American Hustle
A friend on facebook ("friend") was soliciting recruits for her Jewish Christmas festivities, which involved Chinese food and watching American Hustle. I told her "that movie is the tits!!!"
It sure is! Literally, boobs everywhere. I wish I could dress like Amy Adams and cut all of my outfits down to the navel. But we live in a society I guess. A consumerist society where I did some perfunctory Boxing Day shopping today. I know I'm an adult now because I've started to fantasize about winning the lottery. That's when you know your actual dreams are dying.
Anyway, this movie is non-stop movers and shakers, getting into hijinx and spitting out dialogue with crazy eyes and winsome 70s songs. A rascally pair of lovebird con-artists-- these characters are like finger-guns in a photograph. THE BEST. It's rare that I expect a movie to be perfect and then it's even better. The story is frenetic and never-ending. And funny too. You don't really expect it to make you laugh the whole time, but it does. Jennifer Lawrence is funny in the way Cameron Diaz always thinks she is. It's kinda irritating. Like my friend who called yesterday to tell me she's pregnant again, they bought a house, she got a promotion, her husband got a promotion, she lost weight and reconnected with her estranged sister. MERRY CHRISTMAS, PERFECT LIFE. Are you going to win the lottery too?! No, I'm very happy for her. But come on, Jennifer Lawrence. Stop making us all feel so unaccomplished.

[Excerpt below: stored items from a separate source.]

lemma (in group) conj_eq_one_iff [simp]:
  assumes "h \<in> carrier G" "x \<in> carrier G"
  shows "h \<otimes> x \<otimes> inv h = \<one> \<longleftrightarrow> x = \<one>"
  using assms conjugation_is_inj[of h x \<one>] by auto

lemma (in group) conj_group_hom:
  assumes "h \<in> carrier G"
  shows "group_hom G G (\<lambda>x. h \<otimes> x \<otimes> inv h)"
  using assms unfolding group_hom_def group_hom_axioms_def hom_def
  by (auto simp: is_group m_assoc)

lemma (in group) conj_nat_pow:
  assumes "h \<in> carrier G" "x \<in> carrier G"
  shows "(h \<otimes> x \<otimes> inv h) [^] (n::nat) = h \<otimes> x [^] n \<otimes> inv h"
  using group_hom.hom_nat_pow[OF conj_group_hom[OF assms(1)] assms(2)] by simp

lemma (in group) conj_int_pow:
  assumes "h \<in> carrier G" "x \<in> carrier G"
  shows "(h \<otimes> x \<otimes> inv h) [^] (k::int) = h \<otimes> x [^] k \<otimes> inv h"
  using group_hom.hom_int_pow[OF conj_group_hom[OF assms(1)] assms(2)] by simp

lemma (in group) ord_conj:
  assumes h: "h \<in> carrier G" and x: "x \<in> carrier G"
  shows "ord (h \<otimes> x \<otimes> inv h) = ord x"
proof -
  have "(h \<otimes> x \<otimes> inv h) [^] n = \<one> \<longleftrightarrow> ord x dvd n" for n :: nat
    using conj_nat_pow[OF h x] pow_eq_id[OF x] h x by simp
  thus ?thesis using ord_unique[of "h \<otimes> x \<otimes> inv h" "ord x"] h x by simp
qed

Overall, the movie is lots of silly and dramatic people amusing you with absurd hairstyles and endless off-screen coke shenanigans, plus exceptional acting. Louis CK is there too! Christian Bale got fat and dances to jazz! Bradley Cooper impersonates Louis CK! Jennifer Lawrence sets things on fire! Jeremy Renner's hair makes him 8 feet tall!
Anchorman 2
Well. This just is what it is. If you eat a double-dosed pot cookie, you won't regret watching this sequel that is exactly as good as the Hangover 2. There aren't really any new jokes, but those old ones aren't bad to hear repeated. Not necessary to hear repeated, but it's better to see this movie than to spend another evening on the brown suede loveseat you begged off your mom, eating chips and pressing "refresh" on the Jezebel homepage.
I also played poker this Christmas for the first time in my life and all these 70s themed activities are making me strongly consider buying this coat, because I make terrible decisions across the board.